The weather has been amazing this week. It just happened one day, when I realized that the air was the absolute perfect temperature on my skin--not hot or cold--and that the pressure in the air was gone. Ahhh! It really gets so bad in the summer that I'm afraid to go outside for fear of getting a headache. But now, it's winter--or whatever. I guess you could call it fall. In my view there are only two seasons in south Florida: pool season and park season.

I think I will enjoy park season this year for a few reasons. Marissa is now old enough to climb on everything without me having to watch her so much (unlike last year as a one year old). The other day she and her friend took off their shoes somewhere in the park and were running around for over an hour like that. I wish I had a picture, but she kind of always looks like an orphan or a homeless person these days, what with her knocked out tooth, her wild hair that she always pulls out and the bare feet. She has fun anyway. Connor is not old enough to go anywhere yet and Erin and Alex are still young enough to find the park an extremely exciting place to go. As for me, I need the time with my friends too. Much better than taking all the kids to the pool and attempting to have a conversation with the moms while trying to keep your kids from drowning. Park season.

The Bad
Also, I have been so overwhelmed with taking care of the house lately. I'm hoping that spending more time at the park and in the backyard will help this problem some. I'm not talking about having a spotless house; I'm talking about doing normal everyday things like dishes and laundry and picking up. At least once or twice a week I feel down about my inability to do these simple things. In a matter or two days or less the house gets completely trashed, like really bad. It is so frustrating! It's like stringing beads on a string without a knot on the end of it.

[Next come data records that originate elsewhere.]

lemma class_KL_gain:
  assumes KL: "class_KL \<beta>"
  obtains a where "class_Kinf a"
    and "\<And>r k. 0 \<le> r \<Longrightarrow> 1 / (r + 1) \<le> \<beta> r (real k) \<Longrightarrow> r \<le> a r / 2 ^ k"
proof -
  obtain N where N_mono: "mono_on {0..} N"
    and less_N: "\<And>r k. 0 \<le> r \<Longrightarrow> 1 / (r + 1) \<le> \<beta> r (real k) \<Longrightarrow> k < N r"
    using class_KL_settling_time[OF KL] by blast
  have "mono_on {0..} (\<lambda>r. (2::real) ^ N r)"
    by (rule mono_onI) (use mono_onD[OF N_mono] in \<open>auto intro: power_increasing\<close>)
  then obtain G where G_cont: "continuous_on {0..} G" and G_mono: "mono_on {0..} G"
    and G_ge: "\<And>r. 0 \<le> r \<Longrightarrow> (2::real) ^ N r \<le> G r"
    using continuous_mono_majorant[of "\<lambda>r. (2::real) ^ N r"] by auto
  have G_nonneg: "0 \<le> G r" if "0 \<le> r" for r
    using G_ge[OF that] zero_le_power[of "2::real" "N r"] by linarith
  show ?thesis
  proof
    show "r \<le> (r + r * G r) / 2 ^ k" if "0 \<le> r" "1 / (r + 1) \<le> \<beta> r (real k)" for r k
    proof -
      have "r * 2 ^ k \<le> r * 2 ^ N r"
        using less_N[OF that] that(1) by (intro mult_left_mono power_increasing) auto
      also have "\<dots> \<le> r * G r" using G_ge[OF that(1)] that(1) by (rule mult_left_mono)
      finally show ?thesis using that(1) by (simp add: field_simps)
    qed
    have strict: "r + r * G r < r' + r' * G r'" if "0 \<le> r" "r < r'" for r r'
      using that mono_onD[OF G_mono, of r r'] G_nonneg[of r] by (intro add_less_le_mono mult_mono) auto
    have unbounded: "\<exists>r\<ge>0. M < r + r * G r" for M
    proof (intro exI[of _ "\<bar>M\<bar> + 1"] conjI)
      have "0 \<le> (\<bar>M\<bar> + 1) * G (\<bar>M\<bar> + 1)" using G_nonneg[of "\<bar>M\<bar> + 1"] by simp
      then show "M < \<bar>M\<bar> + 1 + (\<bar>M\<bar> + 1) * G (\<bar>M\<bar> + 1)" by linarith
    qed simp
    have "continuous_on {0..} (\<lambda>r. r + r * G r)" by (intro continuous_intros G_cont)
    moreover have "strict_mono_on {0..} (\<lambda>r. r + r * G r)"
      by (rule strict_mono_onI) (use strict in auto)
    ultimately show "class_Kinf (\<lambda>r. r + r * G r)"
      unfolding class_Kinf_def class_K_def using unbounded by auto
  qed
qed
definition zariski_closure :: "(complex ^ 'n) set \<Rightarrow> (complex ^ 'n) set" where
  "zariski_closure S = {x. \<forall>p\<in>polyfun. (\<forall>s\<in>S. p s = 0) \<longrightarrow> p x = 0}"

definition improper :: "complex ^ 'n \<Rightarrow> bool" where
  "improper x \<longleftrightarrow> (\<exists>i j. i \<noteq> j \<and> x $ i = x $ j)"

definition W_set :: "('n::finite \<Rightarrow> 'n \<Rightarrow> bool) \<Rightarrow> bipoly \<Rightarrow> (complex ^ 'n) set" where
  "W_set E Phi = {x. \<forall>i j. E i j \<longrightarrow> bieval Phi (x $ i) (x $ j) = 0}"

definition Z_set :: "('n::finite \<Rightarrow> 'n \<Rightarrow> bool) \<Rightarrow> bipoly \<Rightarrow> (complex ^ 'n) set" where
  "Z_set E Phi = W_set E Phi \<inter> {x. improper x}"

definition U_set :: "('n::finite \<Rightarrow> 'n \<Rightarrow> bool) \<Rightarrow> bipoly \<Rightarrow> (complex ^ 'n) set" where
  "U_set E Phi = zariski_closure (W_set E Phi - Z_set E Phi)"

definition induced_vertices :: "complex ^ 'n \<Rightarrow> complex set" where
  "induced_vertices x = range (\<lambda>i. x $ i)"

end

theory Submission
  imports Defs "Berlekamp_Zassenhaus.Unique_Factorization_Poly"
begin

(* Only finitely many vertices of G(Phi) are singular: loops are the roots of Phi(x,x), defective
   vertices those of the leading coefficient, and since Phi is squarefree, clearing denominators in
   a Bezout identity between Phi and its y-derivative over K(x) gives A Phi + B Phi_y = r(x) with
   r nonzero, which vanishes at every vertex with a multiple neighbour. Every vertex has finitely
   many neighbours, so the components of the singular vertices cover a countable set S.
   A vertex outside S lies in a nonsingular component, i.e. in a copy of H, and the copy is a proper
   point p of W(H,Phi) with Phi(p_i, y) = a_d(p_i) prod_{j ~ i} (y - p_j). As S is countable, a vertex
   of C is the limit of a fixed coordinate of such points. Since C has no defective vertex, the
   neighbouring coordinates stay bounded, so along the connected graph H a subsequence converges in
   every coordinate, to a point u of U(H,Phi) with coordinates in C. The factorisation survives in
   the limit, so the neighbours of u_i are exactly the u_j with j ~ i: C is the image of u, and
   i -> u_i is a morphism onto C. If u were proper, C would have no loop, no multiple edge and no
   defective vertex. *)

no_notation fps_nth (infixl \<open>$\<close> 75) and vec_index (infixl \<open>$\<close> 100)

section \<open>Univariate polynomials\<close>

lemma double_root_imp_pderiv_root:
  fixes p :: "'a::idom poly"
  assumes "[:-v, 1:] ^ 2 dvd p"
  shows "poly p v = 0" and "poly (pderiv p) v = 0"
proof -
  from assms obtain s where p: "p = [:-v, 1:] * ([:-v, 1:] * s)"
    by (metis dvdE power2_eq_square mult.assoc)
  have root: "poly [:-v, 1:] v = 0"
    by simp
  show "poly p v = 0"
    unfolding p poly_mult root by simp
  show "poly (pderiv p) v = 0"
    unfolding p pderiv_mult poly_add poly_mult root by simp
qed

lemma poly_eq_smult_prod_roots:
  fixes q :: "'a::idom poly"
  assumes "finite R" and roots: "\<And>r. r \<in> R \<Longrightarrow> poly q r = 0" and "degree q = card R"
  shows "q = smult (lead_coeff q) (\<Prod>r\<in>R. [:-r, 1:])"
proof -
  have "(\<Prod>r\<in>R. [:-r, 1:]) dvd q"
    using \<open>finite R\<close> roots
  proof (induct R arbitrary: q rule: finite_induct)
    case (insert r R)
    obtain q' where q': "q = [:-r, 1:] * q'"
      using insert.prems poly_eq_0_iff_dvd by blast
    have "poly q' s = 0" if "s \<in> R" for s
      using insert.prems[of s] that insert.hyps(2) by (auto simp: q')
    then have "(\<Prod>r\<in>R. [:-r, 1:]) dvd q'"
      by (rule insert.hyps(3))
    then have "[:-r, 1:] * (\<Prod>r\<in>R. [:-r, 1:]) dvd q"
      unfolding q' by (rule mult_dvd_mono[OF dvd_refl])
    then show ?case
      by (simp only: prod.insert[OF insert.hyps(1,2)])
  qed simp
  then obtain s where s: "q = (\<Prod>r\<in>R. [:-r, 1:]) * s" ..
  show ?thesis
  proof (cases "s = 0")
    case False
    have "degree (\<Prod>r\<in>R. [:-r, 1:]) = card R"
      using \<open>finite R\<close> by (simp add: degree_prod_eq_sum_degree)
    then have "degree s = 0"
      using \<open>degree q = card R\<close> False \<open>finite R\<close> by (simp add: s degree_mult_eq)
    then obtain c where "s = [:c:]"
      by (rule degree_eq_zeroE)
    then show ?thesis
      by (simp add: s lead_coeff_prod lead_coeff_mult mult.commute)
  qed (simp add: s)
qed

When I was in school my house would get like this whenever I had major projects (okay, all semester when I had Design classes). But I assumed that it was just the way it was when I was in school and that things would be different when I didn't have that anymore. True, it is definitely easier and I clean more often, but it turns out that I'm just not a very tidy person. I wish I could be a neat freak, but I just can't keep up the charade. At least 2 or 3 times a week I'll get the house looking pretty good, but the days in between make it seem like I'd never done anything.

I feel like I'm the only one doing everything for 6 people. I know it's my job, but I guess I'm just not that good at it. Yes, I realize that my kids aren't quite old enough to do more than clean the toilet and that I have three kids who dump toys everywhere home with me all the time and that I'm nursing a baby 50% of my free time, but it's still so frustrating. I've heard that you always have one more kid than you can handle and I absolutely agree. We were getting by pretty well with three, but I think we are still at the three kid level. Jared does help at certain things and when I ask him, but it's still at the three kid level. It's not enough. Maybe it's just the demands of a new baby that throw me off. Anyway, I hope we catch up at some point. Until then, forgive the mess until we get things under control. That will happen, right?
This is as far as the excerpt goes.